I am aware that limma does not have any built-in facility for testing random effects, but I have an idea for how to do it and would like advice on whether or not it is valid. By making minor modifications to the gls.series() and lm.series() functions I can extract the AIC values of the fitted models, and then can compare two otherwise identical models. This mirrors the process that I would follow in a traditional linear model if I wanted to test a random effect, although of course it will need to be repeated separately for each individual gene in question.
E.g.
M1 <- lmFit(v, design)
M2 <- lmFit(v, design, block = rand.fac, correlation = corfit$consensus.correation)
for (i in 1:ngenes) {
M2$AIC[i] - M1$AIC[i] # Or, some hacked-together equivalent
}
I have given this a go and it is certainly possible in practice, but I am not sure whether it is statistically/mathematically valid. One specific concern is that both M1 and M2 show the same value for df.residual
, when I would expect the random term to have "used up" one degree of freedom. This then makes me worried that the gls.series() and lm.series() functions are fitting the model in a fundamentally different way for which the AIC values will not be directly comparable (an analogous situation I'm aware of: it is not valid to compare AIC values from lmms fitted via REML). But I am getting out of my statistical depth, so it would be great to get some advice from someone with a better understanding of the underlying mathematics.

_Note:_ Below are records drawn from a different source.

text \<open>coframe ... alpha k z = component on dz^k of the adapted coframe (dt^a, dx^i, delta p^a_i).\<close>
definition coframe :: "(real^'p \<Rightarrow> real^'p^'p) \<Rightarrow> (real^'n \<Rightarrow> real^'n^'n) \<Rightarrow> (real^'p \<Rightarrow> real^'n \<Rightarrow> real^'n^'p)
    \<Rightarrow> real \<Rightarrow> real \<Rightarrow> ('p::finite, 'n::finite) fidx \<Rightarrow> ('p, 'n) fidx \<Rightarrow> ('p, 'n) pt \<Rightarrow> real" where
  "coframe h \<phi> A e m \<alpha> k z =
     (let t = fst z; P = snd (snd z) in
      (case \<alpha> of
         FT a \<Rightarrow> (case k of FT b \<Rightarrow> (if a = b then 1 else 0) | FX _ \<Rightarrow> 0 | FP _ _ \<Rightarrow> 0)
       | FX i \<Rightarrow> (case k of FX j \<Rightarrow> (if i = j then 1 else 0) | FT _ \<Rightarrow> 0 | FP _ _ \<Rightarrow> 0)
       | FP a i \<Rightarrow> (case k of FT f \<Rightarrow> (\<Sum>g\<in>UNIV. christ h t a f g * P $ g $ i)
                   | FX r \<Rightarrow> N2 \<phi> A e m a i r z
                   | FP b j \<Rightarrow> (if a = b \<and> i = j then 1 else 0))))"

definition frameD :: "(real^'p \<Rightarrow> real^'p^'p) \<Rightarrow> (real^'n \<Rightarrow> real^'n^'n) \<Rightarrow> (real^'p \<Rightarrow> real^'n \<Rightarrow> real^'n^'p)
    \<Rightarrow> real \<Rightarrow> real \<Rightarrow> ('p::finite, 'n::finite) fidx \<Rightarrow> (('p, 'n) pt \<Rightarrow> real) \<Rightarrow> ('p, 'n) pt \<Rightarrow> real" where
  "frameD h \<phi> A e m \<beta> F z = (\<Sum>k\<in>UNIV. frameE h \<phi> A e m \<beta> k z * pdE k F z)"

Background: I am using limma to analyse differential expression in a dataset with repeated measures from the same individuals. There are too many different individuals to set id as a fixed effect, so I have set it as a random effect. I would now like to test the contribution of the random variable to my model, because I am interested in whether or not individuals have their own distinctive and consistent levels of expression. In other words, is there significant repeatability within an individual? To determine this requires knowing whether there are significant levels of within-individual variation.
If what you'd like to know is the contribution of within-donor differences to the variability of gene expression, then perhaps you can use variancePartition. This package builds on top of
limma
to fit random effects with a linear mixed model.Thank you, that looks promising, I will take a look!